What to do
Lines to restate from the data below: from the one containing "sum by simp" to the one containing "b c \<oplus>", both included. Give them again exactly, and only them.

Dataset excerpts
lemma add_mor [simp]:
    "f \<in> Mor C \<Longrightarrow> g \<in> Mor C \<Longrightarrow> Dom C g = Dom C f \<Longrightarrow> Cod C g = Cod C f \<Longrightarrow> f \<oplus> g \<in> Mor C"
  and dom_add [simp]:
    "f \<in> Mor C \<Longrightarrow> g \<in> Mor C \<Longrightarrow> Dom C g = Dom C f \<Longrightarrow> Cod C g = Cod C f \<Longrightarrow> Dom C (f \<oplus> g) = Dom C f"
  and cod_add [simp]:
    "f \<in> Mor C \<Longrightarrow> g \<in> Mor C \<Longrightarrow> Dom C g = Dom C f \<Longrightarrow> Cod C g = Cod C f \<Longrightarrow> Cod C (f \<oplus> g) = Cod C f"
  using add_hom[of f "Dom C f" "Cod C f" g] unfolding hom_iff by auto

lemma add_commute:
  "f \<in> Mor C \<Longrightarrow> g \<in> Mor C \<Longrightarrow> Dom C g = Dom C f \<Longrightarrow> Cod C g = Cod C f \<Longrightarrow> f \<oplus> g = g \<oplus> f"
  using add_hom_commute[of f "Dom C f" "Cod C f" g] unfolding hom_iff by auto

lemma add_assoc:
  "f \<in> Mor C \<Longrightarrow> g \<in> Mor C \<Longrightarrow> h \<in> Mor C \<Longrightarrow> Dom C g = Dom C f \<Longrightarrow> Cod C g = Cod C f \<Longrightarrow>
   Dom C h = Dom C f \<Longrightarrow> Cod C h = Cod C f \<Longrightarrow> (f \<oplus> g) \<oplus> h = f \<oplus> (g \<oplus> h)"
  using add_hom_assoc[of f "Dom C f" "Cod C f" g h] unfolding hom_iff by auto

lemma add_zero_right [simp]: "f \<in> Mor C \<Longrightarrow> Dom C f = a \<Longrightarrow> Cod C f = b \<Longrightarrow> f \<oplus> Z a b = f"
  using add_hom_zero[of f a b] unfolding hom_iff by auto

lemma add_zero_left [simp]: "f \<in> Mor C \<Longrightarrow> Dom C f = a \<Longrightarrow> Cod C f = b \<Longrightarrow> Z a b \<oplus> f = f"
proof -
  assume f: "f \<in> Mor C" "Dom C f = a" "Cod C f = b"
  then have "Z a b \<oplus> f = f \<oplus> Z a b" using add_commute[of "Z a b" f] by auto
  with f show ?thesis by simp
qed

lemma comp_add_left:
  "h \<in> Mor C \<Longrightarrow> f \<in> Mor C \<Longrightarrow> g \<in> Mor C \<Longrightarrow> Cod C h = Dom C f \<Longrightarrow> Dom C g = Dom C f \<Longrightarrow>
   Cod C g = Cod C f \<Longrightarrow> (f \<oplus> g) \<cdot> h = f \<cdot> h \<oplus> g \<cdot> h"
  using comp_add_hom_left[of h "Dom C h" "Dom C f" f "Cod C f" g] unfolding hom_iff by simp

lemma comp_add_right:
  "f \<in> Mor C \<Longrightarrow> g \<in> Mor C \<Longrightarrow> h \<in> Mor C \<Longrightarrow> Dom C h = Cod C f \<Longrightarrow> Dom C g = Dom C f \<Longrightarrow>
   Cod C g = Cod C f \<Longrightarrow> h \<cdot> (f \<oplus> g) = h \<cdot> f \<oplus> h \<cdot> g"
  using comp_add_hom_right[of f "Dom C f" "Cod C f" g h "Cod C h"] unfolding hom_iff by simp

definition neg :: "'m \<Rightarrow> 'm" where
  "neg f = (SOME g. g \<in> hom C (Dom C f) (Cod C f) \<and> f \<oplus> g = Z (Dom C f) (Cod C f))"

lemma neg_hom: "f \<in> Mor C \<Longrightarrow> neg f \<in> hom C (Dom C f) (Cod C f) \<and> f \<oplus> neg f = Z (Dom C f) (Cod C f)"
  unfolding neg_def using add_hom_inverse[of f "Dom C f" "Cod C f"] by (rule someI2_bex) (simp add: hom_iff)

lemma neg_mor [simp]: "f \<in> Mor C \<Longrightarrow> neg f \<in> Mor C"
  and dom_neg [simp]: "f \<in> Mor C \<Longrightarrow> Dom C (neg f) = Dom C f"
  and cod_neg [simp]: "f \<in> Mor C \<Longrightarrow> Cod C (neg f) = Cod C f"
  and add_neg_right [simp]: "f \<in> Mor C \<Longrightarrow> f \<oplus> neg f = Z (Dom C f) (Cod C f)"
  using neg_hom unfolding hom_iff by auto

lemma add_neg_left [simp]: "f \<in> Mor C \<Longrightarrow> neg f \<oplus> f = Z (Dom C f) (Cod C f)"
proof -
  assume f: "f \<in> Mor C"
  have "neg f \<oplus> f = f \<oplus> neg f" using f add_commute[of "neg f" f] by simp
  also have "\<dots> = Z (Dom C f) (Cod C f)" using f by simp
  finally show ?thesis .
qed

lemma neg_unique:
  assumes f: "f \<in> Mor C" and g: "g \<in> Mor C" "Dom C g = Dom C f" "Cod C g = Cod C f"
    and sum: "f \<oplus> g = Z (Dom C f) (Cod C f)"
  shows "g = neg f"
proof -
  have "g = (neg f \<oplus> f) \<oplus> g" using f g by simp
  also have "\<dots> = neg f \<oplus> (f \<oplus> g)" using f g by - (rule add_assoc, simp_all)
  also have "\<dots> = neg f" using f sum by simp
  finally show ?thesis .
qed

lemma idempotent_is_zero:
  assumes "f \<in> Mor C" "f \<oplus> f = f"
  shows "f = Z (Dom C f) (Cod C f)"
proof -
  have "f = (neg f \<oplus> f) \<oplus> f" using assms by simp
  also have "\<dots> = neg f \<oplus> (f \<oplus> f)" using assms by - (rule add_assoc, simp_all)
  also have "\<dots> = Z (Dom C f) (Cod C f)" using assms by simp
  finally show ?thesis .
qed

lemma comp_zero_right [simp]:
  assumes "g \<in> Mor C" "Dom C g = b" "a \<in> Obj C"
  shows "g \<cdot> Z a b = Z a (Cod C g)"
proof -
  have "b \<in> Obj C" using assms by auto
  then have "g \<cdot> Z a b \<oplus> g \<cdot> Z a b = g \<cdot> (Z a b \<oplus> Z a b)"
    using assms comp_add_right[of "Z a b" "Z a b" g] by simp
  then have "g \<cdot> Z a b = Z (Dom C (g \<cdot> Z a b)) (Cod C (g \<cdot> Z a b))"
    using assms \<open>b \<in> Obj C\<close> by - (rule idempotent_is_zero, simp_all)
  also have "\<dots> = Z a (Cod C g)" using assms \<open>b \<in> Obj C\<close> by simp
  finally show ?thesis .
qed

lemma comp_zero_left [simp]:
  assumes "f \<in> Mor C" "Cod C f = b" "c \<in> Obj C"
  shows "Z b c \<cdot> f = Z (Dom C f) c"
proof -
  have "b \<in> Obj C" using assms by auto
  then have "Z b c \<cdot> f \<oplus> Z b c \<cdot> f = (Z b c \<oplus> Z b c) \<cdot> f"
    using assms comp_add_left[of f "Z b c" "Z b c"] by simp
  then have "Z b c \<cdot> f = Z (Dom C (Z b c \<cdot> f)) (Cod C (Z b c \<cdot> f))"
    using assms \<open>b \<in> Obj C\<close> by - (rule idempotent_is_zero, simp_all)
  also have "\<dots> = Z (Dom C f) c" using assms \<open>b \<in> Obj C\<close> by simp
  finally show ?thesis .
qed

lemma comp_neg_right [simp]:
  assumes "f \<in> Mor C" "g \<in> Mor C" "Cod C f = Dom C g"
  shows "g \<cdot> neg f = neg (g \<cdot> f)"
proof (rule neg_unique)
  show "g \<cdot> f \<oplus> g \<cdot> neg f = Z (Dom C (g \<cdot> f)) (Cod C (g \<cdot> f))"
    using assms comp_add_right[of f "neg f" g] by simp
qed (use assms in simp_all)

lemma comp_neg_left [simp]:
  assumes "f \<in> Mor C" "g \<in> Mor C" "Cod C f = Dom C g"
  shows "neg g \<cdot> f = neg (g \<cdot> f)"
proof (rule neg_unique)
  show "g \<cdot> f \<oplus> neg g \<cdot> f = Z (Dom C (g \<cdot> f)) (Cod C (g \<cdot> f))"
    using assms comp_add_left[of f g "neg g"] by simp
qed (use assms in simp_all)

lemma kernelD:
  assumes "is_kernel C i d"
  shows "i \<in> Mor C" "d \<in> Mor C" "Cod C i = Dom C d" "d \<cdot> i = Z (Dom C i) (Cod C d)"
  using assms unfolding is_kernel_def by auto
(* Let $p,q\in(0,1)$. There exist constants $C, C'>0$, where $C$ depends only on $p$ and $q$, such that the following holds. Let $0<\varepsilon,\delta<1$ and let $n$ be a positive integer with $$n \ge C\log\!\left(\frac{C'}{\varepsilon\delta}\right).$$ Let $X_1,\dots,X_n$ be independent random variables uniformly distributed on $[-1,1]$, let $M_1,\dots,M_n$ be independent Bernoulli random variables with $\mathbb{P}(M_i=1)=p$, and let $M'_1,\dots,M'_n$ be independent Bernoulli random variables with $\mathbb{P}(M'_i=1)=q$, all of the $X_i, M_j, M'_k$ being mutually independent. Then, with probability at least $1-\delta$, for every $z\in[-1,1]$ there exists a set of indices $I\subseteq\{1,\dots,n\}$ such that $$\Big|\,z-\sum_{i=1}^{n} M_iM'_iX_i-\sum_{i\in I}M_i(1-M'_i)X_i\,\Big|\le\varepsilon .$$
   Context: Interpretation: $M_i=0$ means the variable $X_i$ is permanently pruned (never usable); $M_i=1, M'_i=1$ means $X_i$ is locked (always included in the sum); $M_i=1, M'_i=0$ means $X_i$ is free and may be included or excluded via the chosen subset $I$. *)

theory Defs
  imports "HOL-Probability.Probability"
begin

text \<open>The Bernoulli value True encodes 1, False encodes 0.\<close>
definition coord_distr :: "real \<Rightarrow> real \<Rightarrow> (real \<times> bool \<times> bool) measure" where
  "coord_distr p q =
     uniform_measure lborel {-1..1::real} \<Otimes>\<^sub>M
       (measure_pmf (bernoulli_pmf p) \<Otimes>\<^sub>M measure_pmf (bernoulli_pmf q))"

definition sample_space :: "real \<Rightarrow> real \<Rightarrow> nat \<Rightarrow> (nat \<Rightarrow> real \<times> bool \<times> bool) measure" where
  "sample_space p q n = PiM {..<n} (\<lambda>_. coord_distr p q)"

definition Xv :: "(nat \<Rightarrow> real \<times> bool \<times> bool) \<Rightarrow> nat \<Rightarrow> real" where
  "Xv \<omega> i = fst (\<omega> i)"
definition Mv :: "(nat \<Rightarrow> real \<times> bool \<times> bool) \<Rightarrow> nat \<Rightarrow> real" where
  "Mv \<omega> i = of_bool (fst (snd (\<omega> i)))"
definition M'v :: "(nat \<Rightarrow> real \<times> bool \<times> bool) \<Rightarrow> nat \<Rightarrow> real" where
  "M'v \<omega> i = of_bool (snd (snd (\<omega> i)))"
(* Let $\tau$ be a Euclidean triangle with edge lengths $\ell_1,\ell_2,\ell_3$ and interior angles $\alpha_1,\alpha_2,\alpha_3$ (the angle $\alpha_i$ opposite the edge of length $\ell_i$). The following are equivalent: (i) $\tau$ is generic, i.e. for some real $k>0$ the numbers $k\ell_1,k\ell_2,k\ell_3$ are algebraically independent over $\mathbb{Q}$; (s) for some (hence almost every) $k\in\mathbb{R}$ the numbers $k\sin\alpha_1,k\sin\alpha_2,k\sin\alpha_3$ are algebraically independent over $\mathbb{Q}$; (c) for some (hence almost every) $k\in\mathbb{R}$ the numbers $k\cos\alpha_1,k\cos\alpha_2,k\cos\alpha_3$ are algebraically independent over $\mathbb{Q}$.
   Context: Real numbers $a_1,a_2,a_3$ are algebraically independent over $\mathbb{Q}$ if there is no nonzero polynomial $p\in\mathbb{Z}[x_1,x_2,x_3]$ with $p(a_1,a_2,a_3)=0$. *)

theory Defs
  imports "HOL-Analysis.Analysis"
begin

text \<open>A polynomial in Z[x1,x2,x3] is represented by its
  finitely supported coefficient function on exponent triples.\<close>
definition alg_indep3 :: "real \<Rightarrow> real \<Rightarrow> real \<Rightarrow> bool" where
  "alg_indep3 a1 a2 a3 \<longleftrightarrow>
     (\<forall>p :: nat \<times> nat \<times> nat \<Rightarrow> int.
        finite {m. p m \<noteq> 0} \<longrightarrow>
        (\<Sum>(i,j,k)\<in>{m. p m \<noteq> 0}. of_int (p (i,j,k)) * a1 ^ i * a2 ^ j * a3 ^ k) = 0 \<longrightarrow>
        (\<forall>m. p m = 0))"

Written answer
  also have "\<dots> = neg f" using f sum by simp
  finally show ?thesis .
qed

lemma idempotent_is_zero:
  assumes "f \<in> Mor C" "f \<oplus> f = f"
  shows "f = Z (Dom C f) (Cod C f)"
proof -
  have "f = (neg f \<oplus> f) \<oplus> f" using assms by simp
  also have "\<dots> = neg f \<oplus> (f \<oplus> f)" using assms by - (rule add_assoc, simp_all)
  also have "\<dots> = Z (Dom C f) (Cod C f)" using assms by simp
  finally show ?thesis .
qed

lemma comp_zero_right [simp]:
  assumes "g \<in> Mor C" "Dom C g = b" "a \<in> Obj C"
  shows "g \<cdot> Z a b = Z a (Cod C g)"
proof -
  have "b \<in> Obj C" using assms by auto
  then have "g \<cdot> Z a b \<oplus> g \<cdot> Z a b = g \<cdot> (Z a b \<oplus> Z a b)"
    using assms comp_add_right[of "Z a b" "Z a b" g] by simp
  then have "g \<cdot> Z a b = Z (Dom C (g \<cdot> Z a b)) (Cod C (g \<cdot> Z a b))"
    using assms \<open>b \<in> Obj C\<close> by - (rule idempotent_is_zero, simp_all)
  also have "\<dots> = Z a (Cod C g)" using assms \<open>b \<in> Obj C\<close> by simp
  finally show ?thesis .
qed

lemma comp_zero_left [simp]:
  assumes "f \<in> Mor C" "Cod C f = b" "c \<in> Obj C"
  shows "Z b c \<cdot> f = Z (Dom C f) c"
proof -
  have "b \<in> Obj C" using assms by auto
  then have "Z b c \<cdot> f \<oplus> Z b c \<cdot> f = (Z b c \<oplus> Z b c) \<cdot> f"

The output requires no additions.